Skin Prick Testing Consent

Purpose:
The diagnosis of allergies involves a procedure known as skin prick testing. Interpreting the clinical significance of skin tests requires skillful correlation of the test results with the patient’s clinical history. Positive tests may indicate the presence of allergic antibodies that correlate with clinical symptoms.

Skin Prick Testing Procedure:

This test exposes you to tiny amounts of allergens via scratches that penetrate only the very top layer of skin. You may feel only a slight prick of the skin. These tests are typically placed on the arm or back. Local reactions may be seen within 15-20 minutes. These reactions include a small welt, redness, itching and/or burning and gradually disappear over a period of 30 to 60 minutes, and, typically, no treatment is necessary for these reactions. The Provider or Nursing Team Member will examine any site reactions.

Adverse Reactions:

Occasionally local reactions at a test site may last longer. These reactions are not serious and will disappear over the next week or so. They should be measured and reported to your physician at your next visit.

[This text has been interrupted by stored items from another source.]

(* Let $U=(u_{ij})\in\mathcal{U}_d(\mathbb{C})$. For every $M\in\mathbb{N}$ there exist $D_1,\dots,D_{2M}\in\mathcal{DU}_d(\mathbb{C})$ such that for all $k,l\in\{1,\dots,d\}$, $$\left((P_U^TP_U)^M\right)_{kl}=0\iff\left(D_1U^\dagger D_2U\cdots D_{2M-1}U^\dagger D_{2M}U\right)_{kl}=0.$$
   Context: $\mathcal{U}_d(\mathbb{C})$ denotes the group of $d\times d$ unitary matrices and $\mathcal{DU}_d(\mathbb{C})$ its subgroup of diagonal unitary matrices. $P_U=(p_{ij})$ is the $0/1$ matrix with $p_{ij}=0$ if $u_{ij}=0$ and $p_{ij}=1$ if $u_{ij}\neq0$. *)

theory Defs
  imports "HOL-Analysis.Analysis"
begin

text \<open>Square matrices of size d are represented as complex^'n^'n with d = CARD('n).\<close>

definition conj_transpose :: "complex^'n^'n \<Rightarrow> complex^'n^'n" where
  "conj_transpose A = (\<chi> i j. cnj (A $ j $ i))"

definition unitary_mat :: "complex^'n^'n \<Rightarrow> bool" where
  "unitary_mat U \<longleftrightarrow> U ** conj_transpose U = mat 1 \<and> conj_transpose U ** U = mat 1"

definition diag_unitary_mat :: "complex^'n^'n \<Rightarrow> bool" where
  "diag_unitary_mat D \<longleftrightarrow> (\<forall>i j. i \<noteq> j \<longrightarrow> D $ i $ j = 0) \<and> (\<forall>i. cmod (D $ i $ i) = 1)"

definition pattern_mat :: "complex^'n^'n \<Rightarrow> nat^'n^'n" where
  "pattern_mat U = (\<chi> i j. if U $ i $ j = 0 then 0 else 1)"

fun mat_pow :: "'a::semiring_1^'n^'n \<Rightarrow> nat \<Rightarrow> 'a^'n^'n" where
  "mat_pow A 0 = mat 1"
| "mat_pow A (Suc m) = mat_pow A m ** A"

fun alt_prod :: "(nat \<Rightarrow> complex^'n^'n) \<Rightarrow> complex^'n^'n \<Rightarrow> nat \<Rightarrow> complex^'n^'n" where
  "alt_prod D U 0 = mat 1"
| "alt_prod D U (Suc m) =
     alt_prod D U m ** (D (2*m+1) ** conj_transpose U ** D (2*m+2) ** U)"

end

theory Submission
  imports Defs "HOL-Computational_Algebra.Polynomial"
begin

text \<open>Write \<open>E t\<close> for the diagonal matrix with entries \<open>t ^ f j\<close>, where \<open>f\<close> numbers the indices
  injectively. Then \<open>(A ** E t ** V) $ k $ l\<close> is a polynomial in \<open>t\<close> whose coefficients are the
  products \<open>A $ k $ j * V $ j $ l\<close>, each sitting in its own degree \<open>f j\<close>; so it is the zero
  polynomial exactly when all these products vanish. Choosing \<open>t\<close> on the unit circle outside
  the finitely many roots of the nonzero ones makes \<open>E t\<close> a diagonal unitary for which no
  cancellation occurs: the zero pattern of \<open>A ** E t ** V\<close> is the Boolean product of the zero
  patterns of \<open>A\<close> and \<open>V\<close>. Inserting such phases between the factors \<open>U\<^sup>\<dagger>\<close> and \<open>U\<close> one at a
  time gives the theorem by induction on \<open>M\<close>.\<close>

lemma infinite_unit_circle: "infinite (sphere (0::complex) 1)"
proof
  assume "finite (sphere (0::complex) 1)"
  moreover have "connected (sphere (0::complex) 1)"
    by (simp add: connected_sphere)
  ultimately have "sphere (0::complex) 1 = {} \<or> (\<exists>a. sphere (0::complex) 1 = {a})"
    using connected_finite_iff_sing by blast
  moreover have "1 \<in> sphere (0::complex) 1" "-1 \<in> sphere (0::complex) 1"
    by auto
  ultimately show False
    by (metis empty_iff singletonD one_neq_neg_one)
qed

lemma ex_unit_not_root:
  fixes p :: "'i::finite \<Rightarrow> complex poly"
  shows "\<exists>t. cmod t = 1 \<and> (\<forall>i. p i \<noteq> 0 \<longrightarrow> poly (p i) t \<noteq> 0)"
proof -
  let ?roots = "\<Union>i\<in>{i. p i \<noteq> 0}. {t. poly (p i) t = 0}"
  have "finite ?roots"
    by (auto intro: poly_roots_finite)
  then have "infinite (sphere 0 1 - ?roots)"
    using Diff_infinite_finite infinite_unit_circle by blast
  then obtain t where "t \<in> sphere 0 1 - ?roots"
    using infinite_imp_nonempty by blast
  then show ?thesis by auto
qed

lemma sum_monom_eq_0_iff:
  assumes "finite J" and "inj_on f J"
  shows "(\<Sum>j\<in>J. monom (c j) (f j)) = 0 \<longleftrightarrow> (\<forall>j\<in>J. c j = 0)"
proof
  assume sum_0: "(\<Sum>j\<in>J. monom (c j) (f j)) = 0"
  have "c j = 0" if "j \<in> J" for j
  proof -
    have "c j = (\<Sum>i\<in>J. if f i = f j then c i else 0)"
      using that assms by (simp add: inj_on_eq_iff cong: if_cong)
    also have "\<dots> = coeff (\<Sum>i\<in>J. monom (c i) (f i)) (f j)"
      by (simp add: coeff_sum)
    finally show ?thesis using sum_0 by simp
  qed
  then show "\<forall>j\<in>J. c j = 0" by blast
qed simp

definition diag_mat :: "('n \<Rightarrow> 'a::zero) \<Rightarrow> 'a^'n^'n" where
  "diag_mat e = (\<chi> i j. if i = j then e i else 0)"

lemma diag_unitary_mat_diag_mat: "diag_unitary_mat (diag_mat e) \<longleftrightarrow> (\<forall>i. cmod (e i) = 1)"
  by (simp add: diag_unitary_mat_def diag_mat_def)

lemma matrix_mult_diag_mat_nth:
  fixes A :: "'a::semiring_1^'n^'n"
  shows "(A ** diag_mat e) $ k $ j = A $ k $ j * e j"
  unfolding matrix_matrix_mult_def diag_mat_def
  by (simp add: if_distrib[where f="\<lambda>x. _ * x"] cong: if_cong)

lemma matrix_mult_diag_power_nth:
  fixes A V :: "'a::comm_semiring_1^'n^'n"
  shows "(A ** diag_mat (\<lambda>j. t ^ f j) ** V) $ k $ l
           = poly (\<Sum>j\<in>UNIV. monom (A $ k $ j * V $ j $ l) (f j)) t"
  unfolding matrix_matrix_mult_def[of "A ** _"] matrix_mult_diag_mat_nth
  by (simp add: poly_sum poly_monom mult_ac)

lemma ex_diag_unitary_mult_nonzero_iff:
  fixes A V :: "complex^'n^'n"
  shows "\<exists>E. diag_unitary_mat E \<and>
     (\<forall>k l. (A ** E ** V) $ k $ l \<noteq> 0 \<longleftrightarrow> (\<exists>j. A $ k $ j \<noteq> 0 \<and> V $ j $ l \<noteq> 0))"
proof -
  obtain f :: "'n \<Rightarrow> nat" where "inj f"
    using finite_imp_inj_to_nat_seg[of "UNIV :: 'n set"] by auto
  define p where "p k l = (\<Sum>j\<in>UNIV. monom (A $ k $ j * V $ j $ l) (f j))" for k l
  have p_eq_0: "p k l = 0 \<longleftrightarrow> (\<forall>j. A $ k $ j * V $ j $ l = 0)" for k l
    unfolding p_def using sum_monom_eq_0_iff[of UNIV f "\<lambda>j. A $ k $ j * V $ j $ l"] \<open>inj f\<close> by simp
  obtain t where "cmod t = 1" and t: "\<forall>k l. p k l \<noteq> 0 \<longrightarrow> poly (p k l) t \<noteq> 0"
    using ex_unit_not_root[of "\<lambda>(k, l). p k l"] by auto
  show ?thesis
  proof (intro exI conjI allI)
    show "diag_unitary_mat (diag_mat (\<lambda>j. t ^ f j))"
      using \<open>cmod t = 1\<close> by (simp add: diag_unitary_mat_diag_mat norm_power)
    have "(A ** diag_mat (\<lambda>j. t ^ f j) ** V) $ k $ l = poly (p k l) t" for k l
      by (simp add: p_def matrix_mult_diag_power_nth)
    then show "(A ** diag_mat (\<lambda>j. t ^ f j) ** V) $ k $ l \<noteq> 0 \<longleftrightarrow>
        (\<exists>j. A $ k $ j \<noteq> 0 \<and> V $ j $ l \<noteq> 0)" for k l
      using t p_eq_0[of k l] by auto
  qed
qed

lemma matrix_mult_nat_nonzero_iff:
  fixes X Y :: "nat^'n^'n"
  shows "(X ** Y) $ k $ l \<noteq> 0 \<longleftrightarrow> (\<exists>j. X $ k $ j \<noteq> 0 \<and> Y $ j $ l \<noteq> 0)"
  unfolding matrix_matrix_mult_def by simp

lemma pattern_gram_nonzero_iff:
  "(transpose (pattern_mat U) ** pattern_mat U) $ j $ l \<noteq> 0 \<longleftrightarrow>
     (\<exists>i. U $ i $ j \<noteq> 0 \<and> U $ i $ l \<noteq> 0)"
  unfolding matrix_mult_nat_nonzero_iff by (auto simp: transpose_def pattern_mat_def)

lemma alt_prod_cong:
  "(\<And>j. j \<le> 2*m \<Longrightarrow> D j = D' j) \<Longrightarrow> alt_prod D U m = alt_prod D' U m"
  by (induction m) auto

lemma alt_prod_Suc_nonzero_iff:
  assumes "\<forall>j\<in>{1..2*m}. diag_unitary_mat (D j)"
  obtains D' where "\<forall>j\<in>{1..2*Suc m}. diag_unitary_mat (D' j)"
    and "\<forall>k l. alt_prod D' U (Suc m) $ k $ l \<noteq> 0 \<longleftrightarrow>
        (\<exists>j. alt_prod D U m $ k $ j \<noteq> 0 \<and> (\<exists>i. U $ i $ j \<noteq> 0 \<and> U $ i $ l \<noteq> 0))"
proof -
  let ?A = "alt_prod D U m"
  obtain E1 where E1: "diag_unitary_mat E1"
    "\<forall>k i. (?A ** E1 ** conj_transpose U) $ k $ i \<noteq> 0 \<longleftrightarrow>
        (\<exists>j. ?A $ k $ j \<noteq> 0 \<and> U $ i $ j \<noteq> 0)"
    using ex_diag_unitary_mult_nonzero_iff[of ?A "conj_transpose U"]
    by (auto simp: conj_transpose_def)
  obtain E2 where E2: "diag_unitary_mat E2"
    "\<forall>k l. (?A ** E1 ** conj_transpose U ** E2 ** U) $ k $ l \<noteq> 0 \<longleftrightarrow>
        (\<exists>i. (?A ** E1 ** conj_transpose U) $ k $ i \<noteq> 0 \<and> U $ i $ l \<noteq> 0)"
    using ex_diag_unitary_mult_nonzero_iff by blast
  define D' where "D' = D(2*m+1 := E1, 2*m+2 := E2)"
  have "alt_prod D' U m = ?A"
    by (rule alt_prod_cong) (auto simp: D'_def)
  then have prod_eq: "alt_prod D' U (Suc m) = ?A ** E1 ** conj_transpose U ** E2 ** U"
    by (simp add: D'_def matrix_mul_assoc)
  have "\<forall>j\<in>{1..2*Suc m}. diag_unitary_mat (D' j)"
    using assms E1(1) E2(1) by (auto simp: D'_def)
  moreover have "alt_prod D' U (Suc m) $ k $ l \<noteq> 0 \<longleftrightarrow>
      (\<exists>j. ?A $ k $ j \<noteq> 0 \<and> (\<exists>i. U $ i $ j \<noteq> 0 \<and> U $ i $ l \<noteq> 0))" for k l
  proof -
    have "alt_prod D' U (Suc m) $ k $ l \<noteq> 0 \<longleftrightarrow>
        (\<exists>i. (\<exists>j. ?A $ k $ j \<noteq> 0 \<and> U $ i $ j \<noteq> 0) \<and> U $ i $ l \<noteq> 0)"
      unfolding prod_eq by (simp only: E1(2) E2(2))
    then show ?thesis by blast
  qed
  ultimately show ?thesis using that by blast
qed

theorem lemma24:
  fixes U :: "complex^'n^'n" and M :: nat
  assumes "unitary_mat U"
  shows "\<exists>D :: nat \<Rightarrow> complex^'n^'n.
           (\<forall>j\<in>{1..2*M}. diag_unitary_mat (D j)) \<and>
           (\<forall>k l. (mat_pow (transpose (pattern_mat U) ** pattern_mat U) M) $ k $ l = 0
                  \<longleftrightarrow> (alt_prod D U M) $ k $ l = 0)"
proof (induction M)
  case 0
  show ?case by (auto simp: mat_def)
next
  case (Suc m)
  let ?Q = "transpose (pattern_mat U) ** pattern_mat U"
  from Suc obtain D where D_unitary: "\<forall>j\<in>{1..2*m}. diag_unitary_mat (D j)"
    and D_support: "\<forall>k l. mat_pow ?Q m $ k $ l = 0 \<longleftrightarrow> alt_prod D U m $ k $ l = 0"
    by metis
  obtain D' where D'_unitary: "\<forall>j\<in>{1..2*Suc m}. diag_unitary_mat (D' j)"
    and D'_support: "\<forall>k l. alt_prod D' U (Suc m) $ k $ l \<noteq> 0 \<longleftrightarrow>
        (\<exists>j. alt_prod D U m $ k $ j \<noteq> 0 \<and> (\<exists>i. U $ i $ j \<noteq> 0 \<and> U $ i $ l \<noteq> 0))"
    by (rule alt_prod_Suc_nonzero_iff[OF D_unitary])
  have pow_support: "mat_pow ?Q (Suc m) $ k $ l \<noteq> 0 \<longleftrightarrow>
      (\<exists>j. alt_prod D U m $ k $ j \<noteq> 0 \<and> (\<exists>i. U $ i $ j \<noteq> 0 \<and> U $ i $ l \<noteq> 0))" for k l
    unfolding mat_pow.simps matrix_mult_nat_nonzero_iff[of "mat_pow ?Q m"] pattern_gram_nonzero_iff
    by (simp only: D_support)
  have "mat_pow ?Q (Suc m) $ k $ l = 0 \<longleftrightarrow> alt_prod D' U (Suc m) $ k $ l = 0" for k l
    using pow_support[of k l] D'_support[rule_format, of k l] by blast
  with D'_unitary show ?case by blast
qed

end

There is a rare potential for anaphylaxis, a life-threatening reaction which may include swelling, sneezing, runny nose, watery eyes, shortness of breath, chest tightness, wheezing, lightheadedness, drop in blood pressure and shock. Please note that reactions rarely occur but in the event a reaction would occur, the staff is fully trained and emergency equipment is available.

Our Financial Policy:

We will submit claims for Skin Prick Testing to your insurance company. A Financial Agreement must be signed prior to testing. You may speak with our front office staff for more information.

Consent:

I have read and understand the information on this skin prick testing consent form.

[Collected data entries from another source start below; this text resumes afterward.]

lemma mu_code_from_ec_code:
  "\<exists>f g. is_code E tle hde cap n {..<k} s {..<k} t f g \<and>
     4 * card correct_msgs \<le> 3 * 2 ^ (n * k) + card {m \<in> Pi\<^sub>E {..<k} (\<lambda>_. {..<2 ^ n}).
       \<forall>X. consistent E f (\<lambda>_. 0) X m \<longrightarrow> (\<forall>i<k. g i X m = m i)}"
proof (intro exI conjI)
  let ?S = "{m \<in> Pi\<^sub>E {..<k} (\<lambda>_. {..<2 ^ n}).
     \<forall>X. consistent E enc_N (\<lambda>_. 0) X m \<longrightarrow> (\<forall>i<k. dec_N i X m = m i)}"
  have "a_vec ` rigid_msgs \<inter> reps \<subseteq> ?S"
  proof
    fix m assume "m \<in> a_vec ` rigid_msgs \<inter> reps"
    then obtain M where M: "M \<in> rigid_msgs" "a_vec M \<in> reps" and m: "m = a_vec M" by blast
    have "\<forall>X. consistent E enc_N (\<lambda>_. 0) X m \<longrightarrow> (\<forall>i<k. dec_N i X m = m i)"
      unfolding m using dec_N_correct[OF M] by blast
    then show "m \<in> ?S" using a_vec_in_blocks m by blast
  qed
  then have "card (a_vec ` rigid_msgs \<inter> reps) \<le> card ?S" by (rule card_mono[rotated]) (simp add: finite_PiE)
  then show "4 * card correct_msgs \<le> 3 * 2 ^ (n * k) + card ?S"
    using card_rigid_msgs card_rigid_msgs_reps by linarith
qed (rule is_code_N)

end
lemma integral_inner_power_isometry_invariant:
  fixes \<Omega> :: "(real^'n) set"
  assumes U: "U \<in> isometry_group \<Omega>" and "open \<Omega>" "bounded \<Omega>"
  shows "integral \<Omega> (\<lambda>x. (x \<bullet> (U *v y)) ^ k) = integral \<Omega> (\<lambda>x. (x \<bullet> y) ^ k)"
proof -
  have "orthogonal_matrix U" and U\<Omega>: "(\<lambda>x. U *v x) ` \<Omega> = \<Omega>"
    using U by (auto simp: isometry_group_def)
  define L where "L x = transpose U *v x" for x
  have L: "orthogonal_transformation L"
    unfolding L_def using \<open>orthogonal_matrix U\<close>
    by (simp add: orthogonal_transformation_matrix orthogonal_matrix_transpose del: transpose_matrix_vector)
  have "L ` \<Omega> = L ` (\<lambda>x. U *v x) ` \<Omega>"
    by (simp add: U\<Omega>)
  also have "\<dots> = \<Omega>"
    using \<open>orthogonal_matrix U\<close>
    by (simp add: image_image L_def matrix_vector_mul_assoc orthogonal_matrix_def del: transpose_matrix_vector)
  finally have "L ` \<Omega> = \<Omega>" .
  moreover have "continuous_on UNIV (\<lambda>z::real^'n. (z \<bullet> y) ^ k)"
    by (intro continuous_intros)
  then obtain C where "\<And>z. z \<in> L ` \<Omega> \<Longrightarrow> norm ((z \<bullet> y) ^ k) \<le> C"
    using bounded_continuous_image_bound \<open>L ` \<Omega> = \<Omega>\<close> \<open>bounded \<Omega>\<close> by metis
  then have "integral (L ` \<Omega>) (\<lambda>z. (z \<bullet> y) ^ k) = linear_image_factor L * integral \<Omega> (\<lambda>x. (L x \<bullet> y) ^ k)"
    using assms orthogonal_transformation_linear[OF L] orthogonal_transformation_surj[OF L]
    by (intro integral_linear_image) (auto intro: borel_measurable_continuous_onI continuous_intros)
  ultimately show ?thesis
    by (simp add: linear_image_factor_orthogonal[OF L] L_def transpose_mult_inner del: transpose_matrix_vector)
qed

lemma admits_p_frames_integral_inner_power:
  fixes \<Omega> :: "(real^'n) set"
  assumes "admits_p_frames p \<Omega>" "open \<Omega>" "bounded \<Omega>"
  obtains c where "\<And>y. integral \<Omega> (\<lambda>x. (x \<bullet> y) ^ (2 * p)) = c * norm y ^ (2 * p)"
proof -
  let ?h = "\<lambda>y. integral \<Omega> (\<lambda>x. (x \<bullet> y) ^ (2 * p))"
  have "homogeneous_poly (2 * p) ?h"
    using assms by (intro homogeneous_poly_integral_inner_power) auto
  moreover have "\<forall>U\<in>isometry_group \<Omega>. \<forall>y. ?h (U *v y) = ?h y"
    using integral_inner_power_isometry_invariant assms by blast
  ultimately show ?thesis
    using assms(1) that unfolding admits_p_frames_def by blast
qed

lemma integral_norm_power_matrix_eq:
  fixes \<Omega> :: "(real^'n) set" and T :: "real^'n^'n" and e :: "real^'n"
  assumes "\<Omega> \<in> sets borel" "bounded \<Omega>" and e: "norm e = 1"
    and frame: "\<And>y. integral \<Omega> (\<lambda>x. (x \<bullet> y) ^ (2 * p)) = c * norm y ^ (2 * p)"
  shows "(\<integral>\<theta>. (e \<bullet> \<theta>) ^ (2 * p) \<partial>sphere_measure) * integral \<Omega> (\<lambda>x. norm (T *v x) ^ (2 * p)) = c * F_p p T"
proof -
  let ?k = "2 * p"
  obtain m where m: "\<And>x y :: real^'n. (x \<bullet> y) ^ ?k = (\<Sum>\<alpha>\<in>multi_indices ?k. m \<alpha> * (monomial \<alpha> x * monomial \<alpha> y))"
    using inner_power_expansion by blast
  define \<kappa> where "\<kappa> = (\<integral>\<theta>. (e \<bullet> \<theta>) ^ ?k \<partial>sphere_measure)"
  have zonal: "(\<integral>\<eta>. (z \<bullet> \<eta>) ^ ?k \<partial>sphere_measure) = \<kappa> * norm z ^ ?k" for z :: "real^'n"
    unfolding \<kappa>_def using sphere_integral_inner_power[OF e, of z ?k] by (simp only: mult.commute)
  have "\<kappa> * integral \<Omega> (\<lambda>x. norm (T *v x) ^ ?k) = integral \<Omega> (\<lambda>x. \<integral>\<eta>. ((T *v x) \<bullet> \<eta>) ^ ?k \<partial>sphere_measure)"
    by (simp add: zonal)
  also have "\<dots> = integral \<Omega> (\<lambda>x. \<integral>\<eta>. (x \<bullet> (transpose T *v \<eta>)) ^ ?k \<partial>sphere_measure)"
    by (simp add: transpose_mult_inner[symmetric] inner_commute[of "T *v _"] del: transpose_matrix_vector)
  also have "\<dots> = (\<integral>\<eta>. integral \<Omega> (\<lambda>x. (x \<bullet> (transpose T *v \<eta>)) ^ ?k) \<partial>sphere_measure)"
    by (rule integral_sphere_integral_inner_power_commute[OF m assms(1,2)])
  also have "\<dots> = c * F_p p (transpose T)"
    by (simp add: frame F_p_def del: transpose_matrix_vector)
  finally show ?thesis
    by (simp add: \<kappa>_def F_p_transpose)
qed

lemma integral_norm_power_matrix:
  fixes \<Omega> :: "(real^'n) set" and T :: "real^'n^'n"
  assumes "admits_p_frames p \<Omega>" "open \<Omega>" "bounded \<Omega>"
  shows "integral \<Omega> (\<lambda>x. norm (T *v x) ^ (2 * p)) = I_moment (2 * p) \<Omega> * F_p p T"
proof -
  obtain c where frame: "\<And>y. integral \<Omega> (\<lambda>x. (x \<bullet> y) ^ (2 * p)) = c * norm y ^ (2 * p)"
    using admits_p_frames_integral_inner_power assms by blast
  define e :: "real^'n" where "e = axis undefined 1"
  define \<kappa> where "\<kappa> = (\<integral>\<theta>. (e \<bullet> \<theta>) ^ (2 * p) \<partial>sphere_measure)"
  have e: "norm e = 1"
    by (simp add: e_def)
  have "\<kappa> * integral \<Omega> (\<lambda>x. norm (T *v x) ^ (2 * p)) = c * F_p p T"
    and "\<kappa> * I_moment (2 * p) \<Omega> = c"
    using integral_norm_power_matrix_eq[OF _ _ e frame, of T] integral_norm_power_matrix_eq[OF _ _ e frame, of "mat 1"] assms
    by (auto simp: \<kappa>_def I_moment_def F_p_def matrix_vector_mul_lid sphere_integral_norm_power borel_open)
  then have "\<kappa> * integral \<Omega> (\<lambda>x. norm (T *v x) ^ (2 * p)) = \<kappa> * (I_moment (2 * p) \<Omega> * F_p p T)"
    by (simp add: mult.assoc)
  moreover have "0 < \<kappa>"
    unfolding \<kappa>_def by (rule sphere_integral_inner_even_power_pos[OF e])
  ultimately show ?thesis
    by simp
qed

The opportunity has been provided for me to ask questions regarding the potential risks of proceeding with skin prick testing. My questions have been answered to my satisfaction. I understand that precautions consistent with the best medical practice will be carried out to protect me from adverse reactions. I do hereby give Monarch Allergy Medical Services of New York, P.C. and Monarch Allergy Medical Services of Florida, P.A. (collectively, “Nectar Allergy Center”) consent to proceed with skin prick testing. I further hereby give authorization and consent for treatment of any reactions that may occur. I understand that epinephrine, antihistamine, and other medically reasonable medications may be given to me in the event of an adverse reaction.